Prompt:
Copy every line of the data that includes the string "subgroups".

Provided entries:
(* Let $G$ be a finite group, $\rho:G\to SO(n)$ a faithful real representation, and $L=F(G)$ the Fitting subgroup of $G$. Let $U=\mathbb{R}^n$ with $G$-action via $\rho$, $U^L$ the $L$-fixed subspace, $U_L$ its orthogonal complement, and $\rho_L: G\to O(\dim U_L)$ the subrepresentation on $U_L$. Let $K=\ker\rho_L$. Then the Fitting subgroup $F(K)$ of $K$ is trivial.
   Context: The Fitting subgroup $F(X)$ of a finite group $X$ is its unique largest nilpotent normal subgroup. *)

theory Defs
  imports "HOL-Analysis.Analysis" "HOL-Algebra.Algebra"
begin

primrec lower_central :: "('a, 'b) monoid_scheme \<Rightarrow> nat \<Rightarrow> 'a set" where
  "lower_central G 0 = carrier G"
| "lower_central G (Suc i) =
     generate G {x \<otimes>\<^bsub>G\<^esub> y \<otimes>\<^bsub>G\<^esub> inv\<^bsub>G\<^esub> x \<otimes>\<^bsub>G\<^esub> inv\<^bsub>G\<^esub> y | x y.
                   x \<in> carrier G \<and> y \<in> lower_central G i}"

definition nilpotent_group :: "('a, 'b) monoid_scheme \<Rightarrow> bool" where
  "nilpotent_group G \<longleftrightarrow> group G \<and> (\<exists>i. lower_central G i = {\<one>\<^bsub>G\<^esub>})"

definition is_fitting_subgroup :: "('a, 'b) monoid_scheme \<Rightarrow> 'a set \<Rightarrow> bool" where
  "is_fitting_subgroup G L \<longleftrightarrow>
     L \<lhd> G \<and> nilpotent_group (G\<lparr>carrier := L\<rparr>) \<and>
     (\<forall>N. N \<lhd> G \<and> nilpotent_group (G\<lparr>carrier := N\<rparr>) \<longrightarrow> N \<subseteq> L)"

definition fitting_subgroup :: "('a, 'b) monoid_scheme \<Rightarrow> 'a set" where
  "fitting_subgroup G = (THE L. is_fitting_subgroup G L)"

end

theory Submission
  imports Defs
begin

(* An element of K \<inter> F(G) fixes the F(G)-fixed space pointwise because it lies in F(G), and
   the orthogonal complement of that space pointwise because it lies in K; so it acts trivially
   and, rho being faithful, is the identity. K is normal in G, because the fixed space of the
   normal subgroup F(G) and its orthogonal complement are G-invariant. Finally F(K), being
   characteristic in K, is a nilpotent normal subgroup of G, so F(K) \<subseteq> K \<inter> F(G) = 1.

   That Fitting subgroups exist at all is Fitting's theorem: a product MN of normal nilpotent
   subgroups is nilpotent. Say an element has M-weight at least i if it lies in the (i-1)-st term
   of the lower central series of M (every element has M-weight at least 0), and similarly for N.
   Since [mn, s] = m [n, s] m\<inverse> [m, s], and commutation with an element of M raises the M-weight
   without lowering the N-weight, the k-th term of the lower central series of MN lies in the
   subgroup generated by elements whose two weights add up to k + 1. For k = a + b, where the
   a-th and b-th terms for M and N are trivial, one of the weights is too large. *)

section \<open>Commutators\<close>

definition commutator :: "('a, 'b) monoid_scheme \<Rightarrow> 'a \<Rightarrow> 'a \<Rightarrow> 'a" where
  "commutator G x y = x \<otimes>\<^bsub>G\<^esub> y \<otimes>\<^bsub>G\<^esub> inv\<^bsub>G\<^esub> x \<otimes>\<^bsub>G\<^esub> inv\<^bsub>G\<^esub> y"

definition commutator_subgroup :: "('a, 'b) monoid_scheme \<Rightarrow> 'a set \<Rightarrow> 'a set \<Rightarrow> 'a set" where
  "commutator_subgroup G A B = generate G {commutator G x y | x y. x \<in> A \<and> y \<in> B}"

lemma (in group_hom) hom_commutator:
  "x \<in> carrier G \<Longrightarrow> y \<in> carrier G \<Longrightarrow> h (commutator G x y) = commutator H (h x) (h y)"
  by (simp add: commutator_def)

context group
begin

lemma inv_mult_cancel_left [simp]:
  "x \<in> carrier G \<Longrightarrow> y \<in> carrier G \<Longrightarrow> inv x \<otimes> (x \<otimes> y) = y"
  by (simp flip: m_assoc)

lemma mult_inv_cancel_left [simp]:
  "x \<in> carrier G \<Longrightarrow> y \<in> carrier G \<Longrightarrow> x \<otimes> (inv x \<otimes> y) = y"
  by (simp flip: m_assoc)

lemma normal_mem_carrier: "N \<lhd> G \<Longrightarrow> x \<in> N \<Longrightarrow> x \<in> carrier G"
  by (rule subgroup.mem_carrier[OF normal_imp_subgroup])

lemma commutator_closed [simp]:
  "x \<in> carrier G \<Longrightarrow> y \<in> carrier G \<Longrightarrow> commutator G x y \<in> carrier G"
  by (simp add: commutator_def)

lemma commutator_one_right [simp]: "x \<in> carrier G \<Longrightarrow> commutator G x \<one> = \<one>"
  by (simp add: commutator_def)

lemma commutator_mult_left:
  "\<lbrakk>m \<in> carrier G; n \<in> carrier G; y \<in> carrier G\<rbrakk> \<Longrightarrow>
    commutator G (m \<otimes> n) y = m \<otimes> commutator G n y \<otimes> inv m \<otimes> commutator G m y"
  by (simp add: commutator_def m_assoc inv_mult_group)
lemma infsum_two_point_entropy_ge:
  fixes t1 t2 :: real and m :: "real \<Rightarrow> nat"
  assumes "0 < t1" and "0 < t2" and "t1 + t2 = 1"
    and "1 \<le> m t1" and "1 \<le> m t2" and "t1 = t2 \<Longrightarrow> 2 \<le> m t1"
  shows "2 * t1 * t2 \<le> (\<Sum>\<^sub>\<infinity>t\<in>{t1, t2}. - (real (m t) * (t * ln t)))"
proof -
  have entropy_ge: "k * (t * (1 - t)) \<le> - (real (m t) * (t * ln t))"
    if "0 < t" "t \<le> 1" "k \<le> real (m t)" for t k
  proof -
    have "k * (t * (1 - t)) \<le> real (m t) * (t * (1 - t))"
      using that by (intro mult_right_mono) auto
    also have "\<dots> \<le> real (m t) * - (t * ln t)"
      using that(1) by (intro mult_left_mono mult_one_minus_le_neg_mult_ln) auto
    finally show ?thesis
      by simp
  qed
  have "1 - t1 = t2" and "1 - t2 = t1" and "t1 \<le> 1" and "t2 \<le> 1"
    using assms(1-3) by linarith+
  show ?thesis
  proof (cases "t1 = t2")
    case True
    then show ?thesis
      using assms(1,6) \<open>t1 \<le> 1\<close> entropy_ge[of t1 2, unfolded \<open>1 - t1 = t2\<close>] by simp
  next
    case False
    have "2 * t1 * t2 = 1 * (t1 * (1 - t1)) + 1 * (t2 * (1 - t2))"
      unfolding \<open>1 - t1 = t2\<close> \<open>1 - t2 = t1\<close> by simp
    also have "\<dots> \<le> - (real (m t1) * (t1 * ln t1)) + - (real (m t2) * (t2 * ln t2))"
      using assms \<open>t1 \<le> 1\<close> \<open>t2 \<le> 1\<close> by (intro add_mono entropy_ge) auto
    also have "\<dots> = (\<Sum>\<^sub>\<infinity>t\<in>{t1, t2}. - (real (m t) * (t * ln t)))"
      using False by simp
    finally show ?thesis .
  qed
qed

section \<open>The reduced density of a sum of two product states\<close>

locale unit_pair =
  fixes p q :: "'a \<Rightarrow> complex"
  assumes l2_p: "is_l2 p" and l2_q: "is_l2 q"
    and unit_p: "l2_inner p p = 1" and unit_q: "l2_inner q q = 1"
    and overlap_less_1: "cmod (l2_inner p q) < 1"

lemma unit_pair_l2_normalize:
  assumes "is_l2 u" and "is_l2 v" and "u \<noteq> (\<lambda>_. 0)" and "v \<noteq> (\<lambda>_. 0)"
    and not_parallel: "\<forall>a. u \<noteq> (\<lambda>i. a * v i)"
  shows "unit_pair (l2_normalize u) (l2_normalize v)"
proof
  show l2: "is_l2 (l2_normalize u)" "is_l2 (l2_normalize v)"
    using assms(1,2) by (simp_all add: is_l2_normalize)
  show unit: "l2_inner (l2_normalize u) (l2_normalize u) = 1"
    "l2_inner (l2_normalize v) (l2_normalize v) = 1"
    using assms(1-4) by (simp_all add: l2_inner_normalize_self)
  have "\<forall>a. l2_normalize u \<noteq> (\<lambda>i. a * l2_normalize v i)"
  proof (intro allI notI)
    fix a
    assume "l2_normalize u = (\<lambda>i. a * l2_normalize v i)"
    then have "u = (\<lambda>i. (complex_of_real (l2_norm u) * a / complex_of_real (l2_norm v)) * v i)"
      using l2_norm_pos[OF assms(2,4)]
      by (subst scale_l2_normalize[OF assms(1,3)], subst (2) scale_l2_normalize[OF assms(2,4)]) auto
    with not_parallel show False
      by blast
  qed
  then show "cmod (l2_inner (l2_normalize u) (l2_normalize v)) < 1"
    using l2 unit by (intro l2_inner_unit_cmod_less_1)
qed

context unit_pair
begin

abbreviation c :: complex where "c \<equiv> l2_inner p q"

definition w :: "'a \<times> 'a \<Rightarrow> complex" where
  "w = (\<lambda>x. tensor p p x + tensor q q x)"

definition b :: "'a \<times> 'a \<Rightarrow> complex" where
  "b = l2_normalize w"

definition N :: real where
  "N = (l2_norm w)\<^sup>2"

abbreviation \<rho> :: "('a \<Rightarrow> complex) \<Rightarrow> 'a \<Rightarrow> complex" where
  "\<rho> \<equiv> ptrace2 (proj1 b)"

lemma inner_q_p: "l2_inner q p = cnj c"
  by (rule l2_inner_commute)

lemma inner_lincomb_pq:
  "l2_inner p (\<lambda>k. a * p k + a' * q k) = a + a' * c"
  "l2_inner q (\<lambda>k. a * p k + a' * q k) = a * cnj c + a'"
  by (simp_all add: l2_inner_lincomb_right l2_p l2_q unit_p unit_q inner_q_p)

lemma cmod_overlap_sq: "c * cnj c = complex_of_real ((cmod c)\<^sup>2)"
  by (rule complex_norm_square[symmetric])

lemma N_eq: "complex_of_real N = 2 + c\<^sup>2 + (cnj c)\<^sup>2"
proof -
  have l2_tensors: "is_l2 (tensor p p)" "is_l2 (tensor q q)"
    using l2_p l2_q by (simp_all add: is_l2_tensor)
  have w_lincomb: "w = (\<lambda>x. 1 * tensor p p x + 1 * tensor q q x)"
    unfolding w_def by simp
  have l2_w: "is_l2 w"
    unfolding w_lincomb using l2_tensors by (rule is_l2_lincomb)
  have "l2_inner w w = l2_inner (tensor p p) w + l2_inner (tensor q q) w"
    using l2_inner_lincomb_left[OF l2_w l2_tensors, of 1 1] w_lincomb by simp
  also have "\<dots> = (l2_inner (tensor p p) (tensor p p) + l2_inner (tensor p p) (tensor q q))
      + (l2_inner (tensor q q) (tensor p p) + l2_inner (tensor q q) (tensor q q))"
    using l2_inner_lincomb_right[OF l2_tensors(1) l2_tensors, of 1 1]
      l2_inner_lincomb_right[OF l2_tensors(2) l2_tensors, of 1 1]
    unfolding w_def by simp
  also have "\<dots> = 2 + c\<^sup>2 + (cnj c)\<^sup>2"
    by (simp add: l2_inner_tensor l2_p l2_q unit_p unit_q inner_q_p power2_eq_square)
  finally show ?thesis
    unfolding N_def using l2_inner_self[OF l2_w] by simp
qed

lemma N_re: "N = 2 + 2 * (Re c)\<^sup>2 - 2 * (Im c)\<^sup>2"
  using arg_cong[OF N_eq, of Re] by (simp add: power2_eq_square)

* * *

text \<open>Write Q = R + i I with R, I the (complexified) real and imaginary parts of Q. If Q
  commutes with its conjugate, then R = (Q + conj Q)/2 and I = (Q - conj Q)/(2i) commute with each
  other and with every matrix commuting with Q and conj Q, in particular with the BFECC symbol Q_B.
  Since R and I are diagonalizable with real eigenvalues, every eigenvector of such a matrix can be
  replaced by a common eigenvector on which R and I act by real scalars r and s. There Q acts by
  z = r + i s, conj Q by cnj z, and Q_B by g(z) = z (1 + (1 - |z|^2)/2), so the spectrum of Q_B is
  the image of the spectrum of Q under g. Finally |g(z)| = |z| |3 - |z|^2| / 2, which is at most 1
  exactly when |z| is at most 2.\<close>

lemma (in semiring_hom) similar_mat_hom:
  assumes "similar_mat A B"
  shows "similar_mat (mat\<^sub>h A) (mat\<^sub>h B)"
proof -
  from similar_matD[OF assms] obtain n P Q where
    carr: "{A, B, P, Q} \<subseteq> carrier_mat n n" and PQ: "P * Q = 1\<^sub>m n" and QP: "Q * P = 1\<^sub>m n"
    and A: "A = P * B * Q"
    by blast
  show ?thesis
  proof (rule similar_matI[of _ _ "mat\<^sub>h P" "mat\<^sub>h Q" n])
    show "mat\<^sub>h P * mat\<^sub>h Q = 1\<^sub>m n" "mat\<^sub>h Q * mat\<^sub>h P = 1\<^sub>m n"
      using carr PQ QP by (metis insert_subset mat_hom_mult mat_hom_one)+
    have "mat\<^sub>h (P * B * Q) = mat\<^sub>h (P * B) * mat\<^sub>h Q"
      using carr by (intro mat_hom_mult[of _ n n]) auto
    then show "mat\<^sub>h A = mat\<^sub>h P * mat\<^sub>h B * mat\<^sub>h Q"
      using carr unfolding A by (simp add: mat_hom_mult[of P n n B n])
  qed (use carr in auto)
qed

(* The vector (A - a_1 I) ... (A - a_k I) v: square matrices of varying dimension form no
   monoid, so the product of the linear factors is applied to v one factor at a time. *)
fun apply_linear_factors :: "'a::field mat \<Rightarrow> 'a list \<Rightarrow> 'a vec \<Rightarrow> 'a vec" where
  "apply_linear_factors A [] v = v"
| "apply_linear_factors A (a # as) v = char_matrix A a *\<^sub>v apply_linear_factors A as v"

* * *

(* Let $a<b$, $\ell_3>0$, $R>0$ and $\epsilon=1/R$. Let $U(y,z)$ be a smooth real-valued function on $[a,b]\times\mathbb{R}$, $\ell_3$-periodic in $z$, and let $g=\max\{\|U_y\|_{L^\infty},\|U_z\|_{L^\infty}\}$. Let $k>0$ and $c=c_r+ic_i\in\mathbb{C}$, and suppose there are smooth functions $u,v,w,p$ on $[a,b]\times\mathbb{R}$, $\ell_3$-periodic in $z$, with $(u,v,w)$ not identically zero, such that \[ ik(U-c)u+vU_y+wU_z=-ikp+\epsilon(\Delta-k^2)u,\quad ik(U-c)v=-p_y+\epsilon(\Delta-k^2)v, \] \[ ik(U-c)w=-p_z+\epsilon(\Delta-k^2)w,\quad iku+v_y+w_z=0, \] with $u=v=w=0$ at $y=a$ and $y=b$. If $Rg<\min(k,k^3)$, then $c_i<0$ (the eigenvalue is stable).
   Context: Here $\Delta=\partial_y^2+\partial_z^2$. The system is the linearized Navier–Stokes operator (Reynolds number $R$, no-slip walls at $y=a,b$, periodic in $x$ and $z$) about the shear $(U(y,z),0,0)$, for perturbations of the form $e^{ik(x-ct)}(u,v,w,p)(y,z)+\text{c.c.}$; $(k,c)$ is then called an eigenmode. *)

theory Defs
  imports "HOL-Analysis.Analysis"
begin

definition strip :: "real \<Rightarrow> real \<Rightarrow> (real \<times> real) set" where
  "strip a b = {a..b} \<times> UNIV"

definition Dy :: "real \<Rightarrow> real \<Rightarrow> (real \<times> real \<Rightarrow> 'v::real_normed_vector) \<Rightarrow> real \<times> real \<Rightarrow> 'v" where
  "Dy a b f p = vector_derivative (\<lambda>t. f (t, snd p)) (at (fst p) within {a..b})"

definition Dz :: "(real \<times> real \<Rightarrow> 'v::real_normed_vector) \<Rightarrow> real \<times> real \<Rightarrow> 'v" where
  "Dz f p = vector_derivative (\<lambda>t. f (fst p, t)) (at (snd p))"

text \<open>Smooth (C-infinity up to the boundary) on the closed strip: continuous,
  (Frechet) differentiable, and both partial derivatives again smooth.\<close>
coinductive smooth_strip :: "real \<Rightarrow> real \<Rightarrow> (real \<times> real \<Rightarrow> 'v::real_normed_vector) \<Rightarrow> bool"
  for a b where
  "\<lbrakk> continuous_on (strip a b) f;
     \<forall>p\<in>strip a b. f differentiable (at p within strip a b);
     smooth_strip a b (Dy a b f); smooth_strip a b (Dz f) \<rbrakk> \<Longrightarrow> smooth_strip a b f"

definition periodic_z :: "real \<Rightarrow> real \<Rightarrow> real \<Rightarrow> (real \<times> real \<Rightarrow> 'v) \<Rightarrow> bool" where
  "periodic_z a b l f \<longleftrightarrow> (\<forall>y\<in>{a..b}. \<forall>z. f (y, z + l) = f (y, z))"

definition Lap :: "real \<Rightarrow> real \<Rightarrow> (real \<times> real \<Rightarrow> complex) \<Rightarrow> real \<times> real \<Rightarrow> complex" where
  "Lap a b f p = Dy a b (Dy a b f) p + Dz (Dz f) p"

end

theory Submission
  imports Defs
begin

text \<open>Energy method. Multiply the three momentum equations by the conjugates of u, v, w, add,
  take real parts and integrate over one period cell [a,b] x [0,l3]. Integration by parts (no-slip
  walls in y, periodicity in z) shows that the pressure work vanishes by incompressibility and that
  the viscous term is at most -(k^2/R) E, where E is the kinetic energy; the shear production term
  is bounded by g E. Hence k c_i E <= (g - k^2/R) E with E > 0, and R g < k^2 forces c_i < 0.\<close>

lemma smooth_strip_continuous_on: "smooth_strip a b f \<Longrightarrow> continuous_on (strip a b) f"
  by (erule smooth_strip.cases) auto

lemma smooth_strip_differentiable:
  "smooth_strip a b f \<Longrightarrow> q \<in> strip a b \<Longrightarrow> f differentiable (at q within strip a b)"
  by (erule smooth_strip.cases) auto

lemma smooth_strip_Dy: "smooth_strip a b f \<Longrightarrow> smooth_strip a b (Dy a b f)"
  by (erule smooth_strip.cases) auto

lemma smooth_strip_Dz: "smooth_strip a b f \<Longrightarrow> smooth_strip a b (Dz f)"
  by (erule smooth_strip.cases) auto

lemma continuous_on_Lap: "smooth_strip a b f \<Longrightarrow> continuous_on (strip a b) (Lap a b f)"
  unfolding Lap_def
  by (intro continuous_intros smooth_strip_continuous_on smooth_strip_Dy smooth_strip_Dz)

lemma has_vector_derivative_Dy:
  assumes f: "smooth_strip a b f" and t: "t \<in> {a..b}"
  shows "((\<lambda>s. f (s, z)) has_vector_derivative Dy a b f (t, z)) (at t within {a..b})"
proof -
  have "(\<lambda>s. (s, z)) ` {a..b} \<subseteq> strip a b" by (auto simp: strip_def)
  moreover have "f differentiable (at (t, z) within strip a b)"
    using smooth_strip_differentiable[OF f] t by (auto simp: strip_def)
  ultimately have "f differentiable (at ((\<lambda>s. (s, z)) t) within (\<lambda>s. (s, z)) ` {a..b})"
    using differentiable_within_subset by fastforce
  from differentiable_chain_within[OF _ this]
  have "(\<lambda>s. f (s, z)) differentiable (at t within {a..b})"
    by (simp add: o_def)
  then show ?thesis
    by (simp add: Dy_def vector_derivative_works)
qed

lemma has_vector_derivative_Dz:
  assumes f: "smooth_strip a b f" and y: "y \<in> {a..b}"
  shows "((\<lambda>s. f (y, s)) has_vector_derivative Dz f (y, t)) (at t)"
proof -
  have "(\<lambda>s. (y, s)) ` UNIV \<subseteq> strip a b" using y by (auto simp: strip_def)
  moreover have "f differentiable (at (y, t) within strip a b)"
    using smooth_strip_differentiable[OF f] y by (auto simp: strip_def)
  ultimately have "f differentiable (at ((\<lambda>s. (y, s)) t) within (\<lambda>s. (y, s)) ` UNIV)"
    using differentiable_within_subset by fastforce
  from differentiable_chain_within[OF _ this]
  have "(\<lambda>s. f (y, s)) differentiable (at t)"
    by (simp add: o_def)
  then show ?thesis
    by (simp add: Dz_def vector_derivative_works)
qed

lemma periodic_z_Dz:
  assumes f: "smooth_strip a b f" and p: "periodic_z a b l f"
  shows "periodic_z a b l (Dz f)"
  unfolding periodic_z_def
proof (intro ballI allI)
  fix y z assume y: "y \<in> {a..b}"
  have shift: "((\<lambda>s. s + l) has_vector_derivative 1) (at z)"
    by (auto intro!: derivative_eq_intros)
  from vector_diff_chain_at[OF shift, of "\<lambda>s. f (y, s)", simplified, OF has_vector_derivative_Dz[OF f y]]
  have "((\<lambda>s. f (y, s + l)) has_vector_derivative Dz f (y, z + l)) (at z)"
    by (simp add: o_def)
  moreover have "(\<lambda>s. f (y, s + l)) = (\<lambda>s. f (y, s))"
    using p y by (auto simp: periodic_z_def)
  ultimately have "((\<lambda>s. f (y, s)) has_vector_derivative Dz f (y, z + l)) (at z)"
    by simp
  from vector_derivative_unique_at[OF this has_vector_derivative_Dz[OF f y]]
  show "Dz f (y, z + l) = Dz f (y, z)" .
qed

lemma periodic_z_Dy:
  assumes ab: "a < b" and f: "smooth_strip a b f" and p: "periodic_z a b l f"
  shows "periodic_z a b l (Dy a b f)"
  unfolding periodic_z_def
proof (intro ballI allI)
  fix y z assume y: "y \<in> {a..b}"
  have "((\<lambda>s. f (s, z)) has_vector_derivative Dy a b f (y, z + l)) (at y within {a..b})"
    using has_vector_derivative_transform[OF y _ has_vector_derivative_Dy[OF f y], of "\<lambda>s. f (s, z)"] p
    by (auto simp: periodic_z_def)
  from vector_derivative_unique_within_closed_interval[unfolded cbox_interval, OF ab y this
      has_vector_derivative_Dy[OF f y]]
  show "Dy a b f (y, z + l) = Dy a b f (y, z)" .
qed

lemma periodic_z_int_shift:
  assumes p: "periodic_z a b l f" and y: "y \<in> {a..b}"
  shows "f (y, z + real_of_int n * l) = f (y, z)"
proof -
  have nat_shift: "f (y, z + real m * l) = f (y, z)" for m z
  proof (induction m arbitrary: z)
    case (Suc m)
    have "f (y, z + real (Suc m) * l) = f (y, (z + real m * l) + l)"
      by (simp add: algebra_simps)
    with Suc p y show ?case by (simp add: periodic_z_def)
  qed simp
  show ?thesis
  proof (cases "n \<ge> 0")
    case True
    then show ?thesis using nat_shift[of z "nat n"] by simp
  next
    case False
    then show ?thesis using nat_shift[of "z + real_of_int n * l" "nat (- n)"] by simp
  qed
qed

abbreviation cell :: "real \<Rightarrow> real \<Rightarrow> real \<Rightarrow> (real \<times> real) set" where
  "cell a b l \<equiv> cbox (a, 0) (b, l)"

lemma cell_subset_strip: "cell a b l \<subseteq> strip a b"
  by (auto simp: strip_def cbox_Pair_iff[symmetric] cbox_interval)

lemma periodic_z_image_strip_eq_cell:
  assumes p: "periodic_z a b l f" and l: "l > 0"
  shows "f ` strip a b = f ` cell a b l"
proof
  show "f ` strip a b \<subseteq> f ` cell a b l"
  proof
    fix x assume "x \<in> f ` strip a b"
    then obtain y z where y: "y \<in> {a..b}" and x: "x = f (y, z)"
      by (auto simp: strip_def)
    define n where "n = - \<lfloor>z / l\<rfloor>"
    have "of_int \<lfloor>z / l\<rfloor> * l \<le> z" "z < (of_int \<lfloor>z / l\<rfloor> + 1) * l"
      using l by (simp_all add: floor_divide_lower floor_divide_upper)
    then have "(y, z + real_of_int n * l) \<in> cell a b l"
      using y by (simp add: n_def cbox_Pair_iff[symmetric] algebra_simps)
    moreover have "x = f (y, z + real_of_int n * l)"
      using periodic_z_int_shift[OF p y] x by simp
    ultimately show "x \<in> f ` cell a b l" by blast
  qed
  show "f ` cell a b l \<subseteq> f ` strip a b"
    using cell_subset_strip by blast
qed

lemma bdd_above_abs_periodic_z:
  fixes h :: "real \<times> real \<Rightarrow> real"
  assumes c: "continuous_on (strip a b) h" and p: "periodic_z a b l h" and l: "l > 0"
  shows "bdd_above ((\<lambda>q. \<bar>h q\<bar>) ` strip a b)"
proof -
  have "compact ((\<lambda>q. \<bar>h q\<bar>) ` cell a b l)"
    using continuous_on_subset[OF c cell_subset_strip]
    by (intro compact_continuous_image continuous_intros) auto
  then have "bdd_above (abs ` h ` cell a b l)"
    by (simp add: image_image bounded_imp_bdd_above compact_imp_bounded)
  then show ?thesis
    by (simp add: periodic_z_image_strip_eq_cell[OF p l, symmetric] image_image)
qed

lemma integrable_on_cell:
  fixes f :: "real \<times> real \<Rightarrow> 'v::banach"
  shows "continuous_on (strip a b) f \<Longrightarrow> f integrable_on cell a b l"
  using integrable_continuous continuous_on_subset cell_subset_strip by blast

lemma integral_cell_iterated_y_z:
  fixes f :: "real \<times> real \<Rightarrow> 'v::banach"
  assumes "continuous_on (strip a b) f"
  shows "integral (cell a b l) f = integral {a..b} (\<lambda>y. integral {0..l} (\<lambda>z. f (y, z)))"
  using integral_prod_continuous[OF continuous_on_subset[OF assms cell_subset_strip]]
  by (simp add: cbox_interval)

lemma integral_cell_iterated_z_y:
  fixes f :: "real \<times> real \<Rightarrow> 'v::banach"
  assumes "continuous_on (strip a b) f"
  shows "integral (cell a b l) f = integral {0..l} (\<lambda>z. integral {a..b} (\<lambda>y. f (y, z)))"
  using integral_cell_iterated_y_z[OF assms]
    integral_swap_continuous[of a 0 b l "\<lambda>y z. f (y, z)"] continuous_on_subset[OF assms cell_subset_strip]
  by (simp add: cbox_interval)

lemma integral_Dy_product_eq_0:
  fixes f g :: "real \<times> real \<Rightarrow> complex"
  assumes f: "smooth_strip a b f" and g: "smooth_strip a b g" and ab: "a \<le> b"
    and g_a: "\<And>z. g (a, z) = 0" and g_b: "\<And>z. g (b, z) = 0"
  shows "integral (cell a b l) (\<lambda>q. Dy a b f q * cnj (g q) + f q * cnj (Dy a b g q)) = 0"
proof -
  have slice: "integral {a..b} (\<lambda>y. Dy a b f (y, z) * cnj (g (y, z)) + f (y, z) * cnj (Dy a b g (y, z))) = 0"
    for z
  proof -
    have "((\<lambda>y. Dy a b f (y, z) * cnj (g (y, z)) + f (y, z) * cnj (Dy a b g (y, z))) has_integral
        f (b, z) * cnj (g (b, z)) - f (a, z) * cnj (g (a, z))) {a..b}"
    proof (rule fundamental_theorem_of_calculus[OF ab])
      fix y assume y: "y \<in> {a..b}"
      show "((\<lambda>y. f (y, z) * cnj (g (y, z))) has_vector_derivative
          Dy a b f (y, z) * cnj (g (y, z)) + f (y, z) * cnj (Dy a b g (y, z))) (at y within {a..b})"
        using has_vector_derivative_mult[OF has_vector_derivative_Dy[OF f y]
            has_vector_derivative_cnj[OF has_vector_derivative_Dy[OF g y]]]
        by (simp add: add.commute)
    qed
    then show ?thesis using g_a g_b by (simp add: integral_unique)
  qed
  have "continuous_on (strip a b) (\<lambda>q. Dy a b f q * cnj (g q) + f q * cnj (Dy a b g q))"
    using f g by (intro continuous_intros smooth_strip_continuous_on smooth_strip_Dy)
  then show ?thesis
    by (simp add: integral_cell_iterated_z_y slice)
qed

Reply:
   That Fitting subgroups exist at all is Fitting's theorem: a product MN of normal nilpotent
   subgroups is nilpotent. Say an element has M-weight at least i if it lies in the (i-1)-st term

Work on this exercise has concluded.